Angela Merkel visited the UK yesterday for the last time as German chancellor – the 22nd visit she has paid in her 16 years at the helm of German politics. Such an auspicious occasion however did not stop Boris Johnson from starting their joint press statement with a humorous jibe. A wry smile on his face, he told Merkel: ‘it was certainly a tradition, Angela, for England to lose to Germany in international football tournaments and I’m obviously grateful to you for breaking with that tradition, just for once.’
Good-natured, football-themed exchanges between the two nations were also in play elsewhere. The German ambassador in London, Andreas Michaelis, tweeted on Tuesday night that he congratulated the England team for their ‘much deserved victory’ but added that the German team will rebuild so that ‘this great competition’ between the two nations can continue. The German foreign minister Heiko Maas meanwhile turned up in person at the British Embassy in Berlin to deliver the crate of beer which had been at stake in a bet between him and Dominic Raab.
It would be easy to brush such actions aside as empty symbolism but the (mostly) friendly rivalry on the football field stands in for a much deeper connection between the UK and Germany. It is a bilateral relationship with deep historical and cultural roots which have been overshadowed, perhaps even strained, by the two countries’ fundamentally different stances towards the EU.
When Merkel first visited the UK as head of the German government, her opposite number was Tony Blair. While the latter had some reservations towards the EU, on the whole he believed in its principles and was signed up to the project. The two met as leaders of major EU countries to negotiate relations within a framework they would both shape and abide by. Fast forward 16 years and Merkel is meeting Boris Johnson, a key Brexiteer of the earliest hour who is now meeting with her as the leader of a sovereign nation trying to negotiate bilateral relations outside of the European Union. Johnson was right to begin his statement this afternoon with the assertion that ‘things have changed beyond recognition’ since the start of Merkel’s tenure.
Regardless of the hugely important questions about the future of Anglo-German relations, the headlines of Merkel’s last visit will focus on her comments that she expects double-jabbed Brits will be allowed back into Germany without having to quarantine first. True, the 300,000 or so German-born residents of the UK will be glad to hear that, myself included, but there is much more to unpack in Johnsons’ and Merkel’s joint statement.
Both leaders stressed the shared values of their nations, but also their close economic ties. Johnson reminded us that Germany is the UK’s second largest trading partner. One in five people in this country drive a German car; 750,000 British people work for German companies or vice versa. Merkel added that there were close cultural links with academic exchanges and collaboration. She was keen to emphasise her desire to build new bilateral exchange programmes to replace the Erasmus programme.
Merkel also became the first overseas leader to address the British Cabinet this century – US President Bill Clinton was the last foreigner to do so back in 1997. Remarkably, this will be the first of annual meetings between the two governments going forward with Germany as the only country to have made such an arrangement with the UK.

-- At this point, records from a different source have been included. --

lemma overpartition_count_mod_8:
  assumes "0 < n"
  obtains s where "overpartition_count P n =
    2 * card (divisors_with P n) + 4 * card (two_part_partitions P n) + 8 * s"
proof -
  let ?w = "\<lambda>M. (2::nat) ^ card (set_mset M)"
  let ?A = "\<lambda>i. {M \<in> partitions_with P n. card (set_mset M) = i}"
  let ?R = "{M \<in> partitions_with P n. 3 \<le> card (set_mset M)}"
  have "partitions_with P n = ?A 1 \<union> ?A 2 \<union> ?R"
  proof (intro equalityI subsetI)
    fix M assume M: "M \<in> partitions_with P n"
    then have "M \<noteq> {#}"
      using assms by (auto simp: partitions_with_def)
    then have "0 < card (set_mset M)"
      by (simp add: card_gt_0_iff)
    then have "card (set_mset M) = 1 \<or> card (set_mset M) = 2 \<or> 3 \<le> card (set_mset M)"
      by linarith
    with M show "M \<in> ?A 1 \<union> ?A 2 \<union> ?R"
      by blast
  qed blast
  then have "overpartition_count P n = sum ?w (?A 1 \<union> ?A 2 \<union> ?R)"
    unfolding overpartition_count_eq_sum by (rule arg_cong)
  also have "\<dots> = sum ?w (?A 1) + sum ?w (?A 2) + sum ?w ?R"
    by (subst sum.union_disjoint; auto simp: finite_partitions_with)+
  also have "sum ?w (?A i) = 2 ^ i * card (?A i)" for i
    by (subst sum.cong[OF refl, where h = "\<lambda>_. 2 ^ i"]) auto
  finally have "overpartition_count P n = 2 * card (?A 1) + 4 * card (?A 2) + sum ?w ?R"
    by simp
  also have "\<dots> = 2 * card (divisors_with P n) + 4 * card (two_part_partitions P n) + sum ?w ?R"
    using card_partitions_with_one_part[OF assms] card_partitions_with_two_parts by simp
  finally have count: "overpartition_count P n =
      2 * card (divisors_with P n) + 4 * card (two_part_partitions P n) + sum ?w ?R" .
  have "8 dvd sum ?w ?R"
  proof (rule dvd_sum)
    fix M assume "M \<in> ?R"
    then have "(2::nat) ^ 3 dvd ?w M"
      by (intro le_imp_power_dvd) simp
    then show "8 dvd ?w M"
      by simp
  qed
  then obtain s where "sum ?w ?R = 8 * s" ..
  with count show thesis
    by (intro that[of s]) simp
qed

lemma overpartition_count_mod_4:
  assumes "0 < n"
  obtains s where "overpartition_count P n = 2 * card (divisors_with P n) + 4 * s"
proof -
  obtain s where "overpartition_count P n =
      2 * card (divisors_with P n) + 4 * card (two_part_partitions P n) + 8 * s"
    using overpartition_count_mod_8[OF assms] .
  then show thesis
    by (intro that[of "card (two_part_partitions P n) + 2 * s"]) simp
qed

section \<open>Separating the parts divisible by a modulus\<close>

fun join_overpartitions ::
    "nat \<Rightarrow> nat multiset \<times> nat set \<Rightarrow> nat multiset \<times> nat set \<Rightarrow> nat multiset \<times> nat set" where
  "join_overpartitions c (M1, S1) (M2, S2) = (M1 + image_mset ((*) c) M2, S1 \<union> (*) c ` S2)"

fun indivisible_part :: "nat \<Rightarrow> nat multiset \<times> nat set \<Rightarrow> nat multiset \<times> nat set" where
  "indivisible_part c (M, S) = (filter_mset (\<lambda>p. \<not> c dvd p) M, {p \<in> S. \<not> c dvd p})"

fun divisible_part :: "nat \<Rightarrow> nat multiset \<times> nat set \<Rightarrow> nat multiset \<times> nat set" where
  "divisible_part c (M, S) =
     (image_mset (\<lambda>p. p div c) (filter_mset (\<lambda>p. c dvd p) M), (\<lambda>p. p div c) ` {p \<in> S. c dvd p})"

lemma sum_mset_image_mult: "sum_mset (image_mset ((*) c) M) = c * sum_mset (M :: nat multiset)"
  by (induction M) (simp_all add: algebra_simps)

lemma join_overpartitions_in:
  assumes "x \<in> overpartitions_with (\<lambda>p. P p \<and> \<not> c dvd p) m" "y \<in> overpartitions_with (\<lambda>p. P (c * p)) k"
    and "0 < c"
  shows "join_overpartitions c x y \<in> overpartitions_with P (m + c * k)"
  using assms by (cases x; cases y) (auto simp: overpartitions_with_def partitions_with_def sum_mset_image_mult)

lemma split_overpartitions_in:
  assumes "z \<in> overpartitions_with P n" and k: "k = sum_mset (fst (divisible_part c z))"
  shows "c * k \<le> n"
    and "indivisible_part c z \<in> overpartitions_with (\<lambda>p. P p \<and> \<not> c dvd p) (n - c * k)"
    and "divisible_part c z \<in> overpartitions_with (\<lambda>p. P (c * p)) k"
proof -
  obtain M S where z: "z = (M, S)"
    by fastforce
  let ?D = "filter_mset (\<lambda>p. c dvd p) M"
  have D: "image_mset ((*) c) (image_mset (\<lambda>p. p div c) ?D) = ?D"
    by (induction M) auto
  have "M = filter_mset (\<lambda>p. \<not> c dvd p) M + ?D"
    by (metis add.commute multiset_partition)
  moreover have "sum_mset M = n"
    using assms(1) z by (simp add: overpartitions_with_def partitions_with_def)
  ultimately have "n = sum_mset (filter_mset (\<lambda>p. \<not> c dvd p) M) + sum_mset ?D"
    by (metis sum_mset.union)
  also have "sum_mset ?D = c * k"
    using k z D sum_mset_image_mult[of c "image_mset (\<lambda>p. p div c) ?D"] by simp
  finally have n: "n = sum_mset (filter_mset (\<lambda>p. \<not> c dvd p) M) + c * k" .
  then show "c * k \<le> n"
    by simp
  show "indivisible_part c z \<in> overpartitions_with (\<lambda>p. P p \<and> \<not> c dvd p) (n - c * k)"
    using assms(1) z n by (auto simp: overpartitions_with_def partitions_with_def)
  show "divisible_part c z \<in> overpartitions_with (\<lambda>p. P (c * p)) k"
    using assms(1) z k by (auto simp: overpartitions_with_def partitions_with_def elim!: dvdE)
qed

There will certainly be diplomatic challenges galore to resolve as Brexit continues to require a rearrangement of the political and economic relations which a sovereign Britain will hold with the EU and its individual member states. But even with these more thorny issues on the table, political goodwill was evident as Merkel told the press that she was happy an extension over the Northern Ireland protocol had been agreed so that a ‘pragmatic’ solution can be found.

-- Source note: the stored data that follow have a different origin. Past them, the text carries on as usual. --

lemma card_Union_add_card_doubly_covered_le:
  assumes fin: "finite S" and blocks: "\<And>B. B \<in> S \<Longrightarrow> finite B \<and> card B = w"
    and covered: "T \<subseteq> \<Union>S" and twice: "\<And>y. y \<in> T \<Longrightarrow> 2 \<le> card {B \<in> S. y \<in> B}"
  shows "card (\<Union>S) + card T \<le> card S * w"
proof -
  let ?U = "\<Union>S" and ?deg = "\<lambda>y. card {B \<in> S. y \<in> B}"
  have fin_U: "finite ?U" using fin blocks by auto
  have "card S * w = (\<Sum>B\<in>S. card {y \<in> ?U. y \<in> B})"
  proof -
    have "{y \<in> ?U. y \<in> B} = B" if "B \<in> S" for B using that by auto
    then show ?thesis using blocks by simp
  qed
  also have "\<dots> = (\<Sum>y\<in>?U. ?deg y)"
    using sum_multicount_gen[of S ?U "\<lambda>B y. y \<in> B" ?deg] fin fin_U by blast
  also have "\<dots> = (\<Sum>y\<in>?U - T. ?deg y) + (\<Sum>y\<in>T. ?deg y)"
    using sum.subset_diff[OF covered fin_U] .
  also have "\<dots> \<ge> (\<Sum>y\<in>?U - T. 1) + (\<Sum>y\<in>T. 2)"
  proof (intro add_mono sum_mono)
    fix y assume "y \<in> ?U - T"
    then have "{B \<in> S. y \<in> B} \<noteq> {}" by auto
    then show "1 \<le> ?deg y" using fin by (simp add: Suc_le_eq card_gt_0_iff)
  qed (use twice in auto)
  finally show ?thesis
    using card_Diff_subset[OF finite_subset[OF covered fin_U] covered]
      card_mono[OF fin_U covered] by simp
qed

lemma exists_crowded_subfamily_if_not_identifying:
  fixes F :: "'a set set"
  assumes fin: "finite F" and blocks: "\<And>B. B \<in> F \<Longrightarrow> card B = w" and w: "1 \<le> w"
    and T: "card T = w" and nonempty: "Pt t F T \<noteq> {}" and empty: "\<Inter>(Pt t F T) = {}"
  shows "\<exists>S\<subseteq>F. crowded (nat \<lfloor>(real t / 2 + 1) ^ 2\<rfloor>) w S"
proof -
  have fin_Pt: "finite (Pt t F T)"
    by (rule finite_subset[of _ "Pow F"]) (use fin in \<open>auto simp: Pt_def\<close>)
  obtain Q f where Q: "Q \<subseteq> Pt t F T" and Q_empty: "\<Inter>Q = {}"
    and missing: "\<And>q q'. q \<in> Q \<Longrightarrow> q' \<in> Q \<Longrightarrow> f q \<in> q' \<longleftrightarrow> q' \<noteq> q"
    using obtain_minimal_subfamily_Inter_empty[OF fin_Pt empty] by blast
  have members: "P \<subseteq> F" "finite P \<and> card P \<le> t" "T \<subseteq> \<Union>P" if "P \<in> Q" for P
    using that Q fin unfolding Pt_def by (auto intro: finite_subset)
  define S where "S = \<Union>Q"
  have S_F: "S \<subseteq> F" using members(1) by (auto simp: S_def)
  then have fin_S: "finite S" using fin finite_subset by blast
  have S_blocks: "finite B \<and> card B = w" if "B \<in> S" for B
    using that S_F blocks[of B] w card_ge_0_finite[of B] by auto
  have "Q \<noteq> {}" using Q_empty by auto
  then obtain P0 where P0: "P0 \<in> Q" by blast
  have T_S: "T \<subseteq> \<Union>S" using members(3)[OF P0] P0 unfolding S_def by blast
  have twice: "2 \<le> card {B \<in> S. y \<in> B}" if y: "y \<in> T" for y
    unfolding S_def
  proof (rule two_le_card_blocks_containing[OF _ Q_empty])
    show "finite (\<Union>Q)" using fin_S by (simp add: S_def)
    show "y \<in> \<Union>P" if "P \<in> Q" for P using members(3)[OF that] y by blast
  qed
  have "card S \<le> card Q * (t + 2 - card Q)"
    unfolding S_def using card_Union_le_if_distinct_missing_points[OF
        finite_subset[OF Q fin_Pt] \<open>Q \<noteq> {}\<close> missing members(2)] .
  then have "card S \<le> nat \<lfloor>(real t / 2 + 1) ^ 2\<rfloor>"
    using mult_diff_le_floor_square[of "card Q" t] by linarith
  moreover have "card (\<Union>S) + w \<le> card S * w"
    using card_Union_add_card_doubly_covered_le[OF fin_S S_blocks T_S twice] T by simp
  moreover have "1 \<le> card S"
    using T_S T w fin_S by (auto simp: Suc_le_eq card_gt_0_iff)
  ultimately show ?thesis using S_F unfolding crowded_def by blast
qed

lemma IPPS_if_crowded_free:
  assumes "finite X" and F: "F \<subseteq> {B. B \<subseteq> X \<and> card B = w}" and w: "1 \<le> w"
    and free: "\<And>S. S \<subseteq> F \<Longrightarrow> \<not> crowded (nat \<lfloor>(real t / 2 + 1) ^ 2\<rfloor>) w S"
  shows "IPPS t w (card X) X F"
  unfolding IPPS_def set_system_def
proof (intro conjI allI impI)
  have "finite F" using F \<open>finite X\<close> by (auto intro: finite_subset[of _ "Pow X"])
  moreover have "\<And>B. B \<in> F \<Longrightarrow> card B = w" using F by auto
  ultimately show "Pt t F T = {} \<or> \<Inter>(Pt t F T) \<noteq> {}" if "T \<subseteq> X \<and> card T = w" for T
    using exists_crowded_subfamily_if_not_identifying[of F w T t] w free that by auto
qed (use assms in auto)

lemma card_subsets_card_le:
  assumes "finite X" and "X \<noteq> {}"
  shows "card {U. U \<subseteq> X \<and> card U \<le> L} \<le> (L + 1) * card X ^ L"
proof -
  have "{U. U \<subseteq> X \<and> card U \<le> L} = (\<Union>k\<le>L. {U. U \<subseteq> X \<and> card U = k})" by auto
  then have "card {U. U \<subseteq> X \<and> card U \<le> L} \<le> (\<Sum>k\<le>L. card {U. U \<subseteq> X \<and> card U = k})"
    by (simp add: card_UN_le)
  also have "\<dots> = (\<Sum>k\<le>L. card X choose k)" using assms(1) by (simp add: n_subsets)
  also have "\<dots> \<le> (\<Sum>k\<le>L. card X ^ L)"
  proof (rule sum_mono)
    fix k assume "k \<in> {..L}"
    then have "card X ^ k \<le> card X ^ L"
      using assms by (intro power_increasing) (auto simp: Suc_le_eq card_gt_0_iff)
    moreover have "card X choose k \<le> card X ^ k"
      by (cases "k \<le> card X") (auto simp: binomial_le_pow binomial_eq_0)
    ultimately show "card X choose k \<le> card X ^ L" by linarith
  qed
  finally show ?thesis by simp
qed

The efforts from both German and British politicians to find ways forward have naturally spooked the pro-EU camps in both countries. The Green party in Germany, who are currently polling in second place in the run-up to the German elections in September, may be a little more pragmatic than their British cousins on individual policy issues but are equally enthusiastic proponents of the EU project. Franziska Brantner, the party’s European spokesperson, was quickest out of the blocks to criticise Merkel’s approach to Britain. She warned that ‘bilateral agreements and talks must not become divisive in Europe.’

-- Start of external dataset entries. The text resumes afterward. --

lemma group_action_on_inv_cancel:
  assumes "group_action_on G \<Phi>" and "g \<in> carrier G"
  shows "\<Phi> (inv g) (\<Phi> g x) = x"
  using group_action_on_mult[OF assms(1) inv_closed[OF assms(2)] assms(2), of x] assms
  by (simp add: group_action_on_one)

lemma equivariant_on_generators_imp_orbit:
  assumes action: "group_action_on G \<Phi>" and gen: "carrier G = generate G S"
    and equi: "\<And>s g. s \<in> S \<Longrightarrow> g \<in> carrier G \<Longrightarrow> \<psi> (s \<otimes> g) = \<Phi> s (\<psi> g)"
    and g: "g \<in> carrier G"
  shows "\<psi> g = \<Phi> g (\<psi> \<one>)"
proof -
  have S: "S \<subseteq> carrier G" unfolding gen by (blast intro: generate.incl)
  have "g \<in> generate G S" using g by (simp add: gen)
  then have "\<forall>h\<in>carrier G. \<psi> (g \<otimes> h) = \<Phi> g (\<psi> h)"
  proof (induction rule: generate.induct)
    case one
    show ?case using group_action_on_one[OF action] by simp
  next
    case (incl s)
    then show ?case using equi by blast
  next
    case (inv s)
    have sC: "s \<in> carrier G" using inv S by blast
    show ?case
    proof
      fix h assume h: "h \<in> carrier G"
      have "\<psi> h = \<psi> (s \<otimes> (inv s \<otimes> h))"
        using sC h by (simp add: m_assoc[symmetric])
      also have "\<dots> = \<Phi> s (\<psi> (inv s \<otimes> h))"
        using equi[OF inv] sC h by simp
      finally show "\<psi> (inv s \<otimes> h) = \<Phi> (inv s) (\<psi> h)"
        using group_action_on_inv_cancel[OF action sC] by metis
    qed
  next
    case (eng g1 g2)
    then have "g1 \<in> carrier G" "g2 \<in> carrier G" by (simp_all add: gen)
    then show ?case using eng.IH by (simp add: m_assoc group_action_on_mult[OF action])
  qed
  from this[rule_format, OF one_closed] g show ?thesis by simp
qed

end

locale BS_group = group G for G :: "('g, 'm) monoid_scheme" (structure) +
  fixes n :: nat and a b :: 'g
  assumes a_closed [simp]: "a \<in> carrier G" and b_closed [simp]: "b \<in> carrier G"
    and generated: "carrier G = generate G {a, b}"
    and relation: "b \<otimes> a = a [^] n \<otimes> b"
begin

lemma b_mult_a_pow: "b \<otimes> a [^] (m::nat) = a [^] (n * m) \<otimes> b"
proof (induction m)
  case 0
  then show ?case by simp
next
  case (Suc m)
  have "b \<otimes> a [^] Suc m = (b \<otimes> a [^] m) \<otimes> a" by (simp add: m_assoc)
  also have "\<dots> = a [^] (n * m) \<otimes> (b \<otimes> a)" using Suc by (simp add: m_assoc)
  also have "\<dots> = (a [^] (n * m) \<otimes> a [^] n) \<otimes> b" by (simp add: relation m_assoc)
  also have "\<dots> = a [^] (n * Suc m) \<otimes> b" by (simp add: nat_pow_mult add.commute)
  finally show ?case .
qed

lemma b_pow_mult_a: "b [^] (j::nat) \<otimes> a = a [^] (n ^ j) \<otimes> b [^] j"
proof (induction j)
  case 0
  then show ?case by simp
next
  case (Suc j)
  have "b [^] Suc j \<otimes> a = b \<otimes> (b [^] j \<otimes> a)"
    unfolding nat_pow_Suc2[OF b_closed] by (simp add: m_assoc)
  also have "\<dots> = (b \<otimes> a [^] (n ^ j)) \<otimes> b [^] j" using Suc by (simp add: m_assoc)
  also have "\<dots> = a [^] (n ^ Suc j) \<otimes> b [^] Suc j"
    unfolding nat_pow_Suc2[OF b_closed] by (simp add: b_mult_a_pow m_assoc)
  finally show ?case .
qed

The German Greens are particularly concerned about a memorandum signed by the foreign ministers of both countries on Wednesday in which they agreed to build closer relations in foreign and security policy. Brantner argued that Germany should not have gone ahead with this before consulting the EU and finding a communal solution. How much influence the Green party will have on any future government formed in the post-Merkel era is therefore likely to have significant ramifications on the relationship between both countries.
For all the fear around Britain’s future in Europe post-Brexit, the positive steps taken with a pragmatic German government show that the long-lasting ties with the continent do not need to be cut. Over the Channel lies another special relationship for Britain and it is one that has a chance to endure outside the European Union.